* Supplied material
lemma pi1_closed_diff_NN:
  assumes "\<eta> \<in> pi1_closed k" "\<eta>' \<in> pi1_closed k" "pi1 k \<eta> = pi1 k \<eta>'"
  shows "(\<lambda>p. \<eta> p - \<eta>' p) \<in> NN C d21 d01 0 k"
proof -
  define \<delta> where "\<delta> = (\<lambda>p. \<eta> p - \<eta>' p)"
  have Ck: "\<delta> \<in> Ck C k"
    unfolding \<delta>_def by (intro Ck_diff pi1_closed_Ck assms)
  have concentrated: "\<delta> = single k (\<delta> k)"
  proof
    fix p
    have "\<eta> p = \<eta>' p" if "p < k"
      using fun_cong[OF assms(3), of p] that by (simp add: pi1_def)
    then show "\<delta> p = single k (\<delta> k) p"
      using Ck_above[OF Ck, of p]
      by (cases p k rule: linorder_cases) (auto simp: single_def \<delta>_def)
  qed
  have "D k \<delta> k = 0"
    using pi1_closed_Dtot_below[OF assms(1), of k] pi1_closed_Dtot_below[OF assms(2), of k]
    by (simp add: \<delta>_def Dtot_diff pi1_closed_Ck assms)
  then have "d01 k 0 (\<delta> k) = 0"
    using Dtot_single_same[of k k "\<delta> k"] concentrated by simp
  moreover have "\<delta> k \<in> C k 0"
    using Ck_component[OF Ck, of 0 k] by simp
  ultimately have "\<delta> k \<in> Npq C d21 d01 k 0"
    by (simp add: Npq_def d21_bottom)
  then show ?thesis
    unfolding \<delta>_def[symmetric] by (subst concentrated) (simp add: NN_def)
qed

lemma cls_Dtot_eq:
  assumes "\<eta> \<in> pi1_closed k" "\<eta>' \<in> pi1_closed k" "pi1 k \<eta> = pi1 k \<eta>'"
  shows "cls C d21 d10 d01 k (D k \<eta>) = cls C d21 d10 d01 k (D k \<eta>')"
proof -
  let ?\<delta> = "\<lambda>p. \<eta> p - \<eta>' p"
  have "D k \<eta> = fadd (D k \<eta>') (D k ?\<delta>)"
    using assms(1,2) by (simp add: Dtot_diff pi1_closed_Ck fadd_def)
  moreover have "D k ?\<delta> \<in> BN C d21 d10 d01 0 k"
    unfolding BN_def using pi1_closed_diff_NN[OF assms] by (rule imageI)
  ultimately show ?thesis
    by (simp add: cls_fadd_BN)
qed

text \<open>Off \<open>Ak\<close> the choice below is unconstrained; on \<open>Ak\<close> its value does not depend on it
  (\<open>rho_pi1\<close>).\<close>

definition rho :: "nat \<Rightarrow> (nat \<Rightarrow> 'm) \<Rightarrow> (nat \<Rightarrow> 'm) set" where
  "rho k \<xi> = cls C d21 d10 d01 k (D k (SOME \<eta>. \<eta> \<in> pi1_closed k \<and> pi1 k \<eta> = \<xi>))"

lemma rho_pi1:
  assumes "\<eta> \<in> pi1_closed k"
  shows "rho k (pi1 k \<eta>) = cls C d21 d10 d01 k (D k \<eta>)"
proof -
  let ?\<eta>' = "SOME \<eta>'. \<eta>' \<in> pi1_closed k \<and> pi1 k \<eta>' = pi1 k \<eta>"
  have "?\<eta>' \<in> pi1_closed k \<and> pi1 k ?\<eta>' = pi1 k \<eta>"
    by (rule someI[where x = \<eta>]) (simp add: assms)
  then show ?thesis
    unfolding rho_def using cls_Dtot_eq[of ?\<eta>' k \<eta>] assms by simp
qed

lemma rho_in_H0:
  assumes "\<xi> \<in> Ak C d21 d10 d01 k"
  shows "rho k \<xi> \<in> H0 C d21 d10 d01 k"
proof -
  obtain \<eta> where "\<eta> \<in> pi1_closed k" "\<xi> = pi1 k \<eta>"
    using assms by (auto simp: Ak_eq_image_pi1_closed)
  then show ?thesis
    unfolding H0_def using imageI[OF Dtot_pi1_closed_ZN] by (simp add: rho_pi1)
qed

lemma rho_lincomb:
  assumes "\<xi> \<in> Ak C d21 d10 d01 k" "\<xi>' \<in> Ak C d21 d10 d01 k"
    and "z \<in> rho k \<xi>" "z' \<in> rho k \<xi>'"
  shows "rho k (fadd (fsm sm a \<xi>) (fsm sm b \<xi>'))
    = cls C d21 d10 d01 k (fadd (fsm sm a z) (fsm sm b z'))"
proof -
  obtain \<eta> \<eta>' where \<eta>: "\<eta> \<in> pi1_closed k" "\<xi> = pi1 k \<eta>"
    and \<eta>': "\<eta>' \<in> pi1_closed k" "\<xi>' = pi1 k \<eta>'"
    using assms(1,2) by (auto simp: Ak_eq_image_pi1_closed)
  have "rho k (fadd (fsm sm a \<xi>) (fsm sm b \<xi>'))
      = cls C d21 d10 d01 k (D k (fadd (fsm sm a \<eta>) (fsm sm b \<eta>')))"
    using rho_pi1[OF pi1_closed_lincomb[OF \<eta>(1) \<eta>'(1)]]
    by (simp add: \<eta> \<eta>' pi1_fadd pi1_fsm)
  also have "\<dots> = cls C d21 d10 d01 k (fadd (fsm sm a (D k \<eta>)) (fsm sm b (D k \<eta>')))"
    using \<eta> \<eta>' by (simp add: Dtot_fadd Dtot_fsm Ck_fsm pi1_closed_Ck)
  also have "\<dots> = cls C d21 d10 d01 k (fadd (fsm sm a z) (fsm sm b z'))"
    using assms(3,4) by (simp add: \<eta> \<eta>' rho_pi1 cls_lincomb)
  finally show ?thesis .
qed

lemma pi1_closed_Mk_iff:
  assumes "\<eta> \<in> pi1_closed k"
  shows "\<eta> \<in> Mk C d21 d10 d01 k \<longleftrightarrow> D k \<eta> \<in> BN C d21 d10 d01 0 k"
proof -
  have "single i (D k \<eta> i) \<in> BN C d21 d10 d01 (k + 1 - i) k" if "i \<le> k" for i
    using pi1_closed_Dtot_below[OF assms that] by simp
  then have "\<eta> \<in> Mk C d21 d10 d01 k
      \<longleftrightarrow> single (k + 1) (D k \<eta> (k + 1)) \<in> BN C d21 d10 d01 0 k"
    using pi1_closed_Ck[OF assms] by (auto simp: Mk_def le_Suc_eq)
  then show ?thesis
    using pi1_closed_Dtot_eq_single[OF assms] by simp
qed

lemma Z1_eq_ker_rho:
  "Z1 C d21 d10 d01 k = {\<xi> \<in> Ak C d21 d10 d01 k. rho k \<xi> = cls C d21 d10 d01 k (\<lambda>_. 0)}"
proof -
  have "rho k (pi1 k \<eta>) = cls C d21 d10 d01 k (\<lambda>_. 0) \<longleftrightarrow> \<eta> \<in> Mk C d21 d10 d01 k"
    if "\<eta> \<in> pi1_closed k" for \<eta>
    using that by (simp add: rho_pi1 cls_eq_zero_iff pi1_closed_Mk_iff)
  then have "pi1_closed k \<inter> Mk C d21 d10 d01 k
      = {\<eta> \<in> pi1_closed k. rho k (pi1 k \<eta>) = cls C d21 d10 d01 k (\<lambda>_. 0)}"
    by blast
  then show ?thesis
    unfolding Z1_eq_image_pi1_closed_Mk Ak_eq_image_pi1_closed by blast
qed

end

theorem lemma5p2:
  fixes sm :: "'r::ring_1 \<Rightarrow> 'm::ab_group_add \<Rightarrow> 'm"
    and C :: "nat \<Rightarrow> nat \<Rightarrow> 'm set"
    and d21 d10 d01 :: "nat \<Rightarrow> nat \<Rightarrow> 'm \<Rightarrow> 'm"
    and k :: nat
  assumes "bigraded_complex sm C d21 d10 d01"
  shows "\<exists>\<rho>.
     (\<forall>\<xi>\<in>Ak C d21 d10 d01 k. \<rho> \<xi> \<in> H0 C d21 d10 d01 k) \<and>
     (\<forall>\<eta>\<in>Ck C k. pi1 (k + 1) (Dtot d21 d10 d01 k \<eta>) = (\<lambda>_. 0) \<longrightarrow>
        \<rho> (pi1 k \<eta>) = cls C d21 d10 d01 k (rho_rep d21 d10 k (pi1 k \<eta>) \<eta>)) \<and>
     (\<forall>a b \<xi> \<xi>' z z'. \<xi> \<in> Ak C d21 d10 d01 k \<longrightarrow> \<xi>' \<in> Ak C d21 d10 d01 k \<longrightarrow>
        z \<in> \<rho> \<xi> \<longrightarrow> z' \<in> \<rho> \<xi>' \<longrightarrow>
        \<rho> (fadd (fsm sm a \<xi>) (fsm sm b \<xi>')) = cls C d21 d10 d01 k (fadd (fsm sm a z) (fsm sm b z'))) \<and>
     Z1 C d21 d10 d01 k = {\<xi> \<in> Ak C d21 d10 d01 k. \<rho> \<xi> = cls C d21 d10 d01 k (\<lambda>_. 0)}"
proof -
  interpret bigraded_cochain_complex sm C d21 d10 d01
    by unfold_locales (rule assms)
  show ?thesis
  proof (intro exI[of _ "rho k"] conjI ballI allI impI)
    show "rho k \<xi> \<in> H0 C d21 d10 d01 k" if "\<xi> \<in> Ak C d21 d10 d01 k" for \<xi>
      using that by (rule rho_in_H0)
    show "rho k (pi1 k \<eta>) = cls C d21 d10 d01 k (rho_rep d21 d10 k (pi1 k \<eta>) \<eta>)"
      if "\<eta> \<in> Ck C k" "pi1 (k + 1) (D k \<eta>) = (\<lambda>_. 0)" for \<eta>
      using that by (simp add: pi1_closed_def rho_pi1 rho_rep_eq_Dtot)
  qed (simp_all add: rho_lincomb Z1_eq_ker_rho)
qed

end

* About this task
Retype word for word everything in the listing above from the line that holds "p) \<in> NN" down to the line that holds "using Ck_component[OF Ck, of 0 k] by simp". Keep both end lines and leave out the rest.

* Solution to this task
  shows "(\<lambda>p. \<eta> p - \<eta>' p) \<in> NN C d21 d01 0 k"
proof -
  define \<delta> where "\<delta> = (\<lambda>p. \<eta> p - \<eta>' p)"
  have Ck: "\<delta> \<in> Ck C k"
    unfolding \<delta>_def by (intro Ck_diff pi1_closed_Ck assms)
  have concentrated: "\<delta> = single k (\<delta> k)"
  proof
    fix p
    have "\<eta> p = \<eta>' p" if "p < k"
      using fun_cong[OF assms(3), of p] that by (simp add: pi1_def)
    then show "\<delta> p = single k (\<delta> k) p"
      using Ck_above[OF Ck, of p]
      by (cases p k rule: linorder_cases) (auto simp: single_def \<delta>_def)
  qed
  have "D k \<delta> k = 0"
    using pi1_closed_Dtot_below[OF assms(1), of k] pi1_closed_Dtot_below[OF assms(2), of k]
    by (simp add: \<delta>_def Dtot_diff pi1_closed_Ck assms)
  then have "d01 k 0 (\<delta> k) = 0"
    using Dtot_single_same[of k k "\<delta> k"] concentrated by simp
  moreover have "\<delta> k \<in> C k 0"
    using Ck_component[OF Ck, of 0 k] by simp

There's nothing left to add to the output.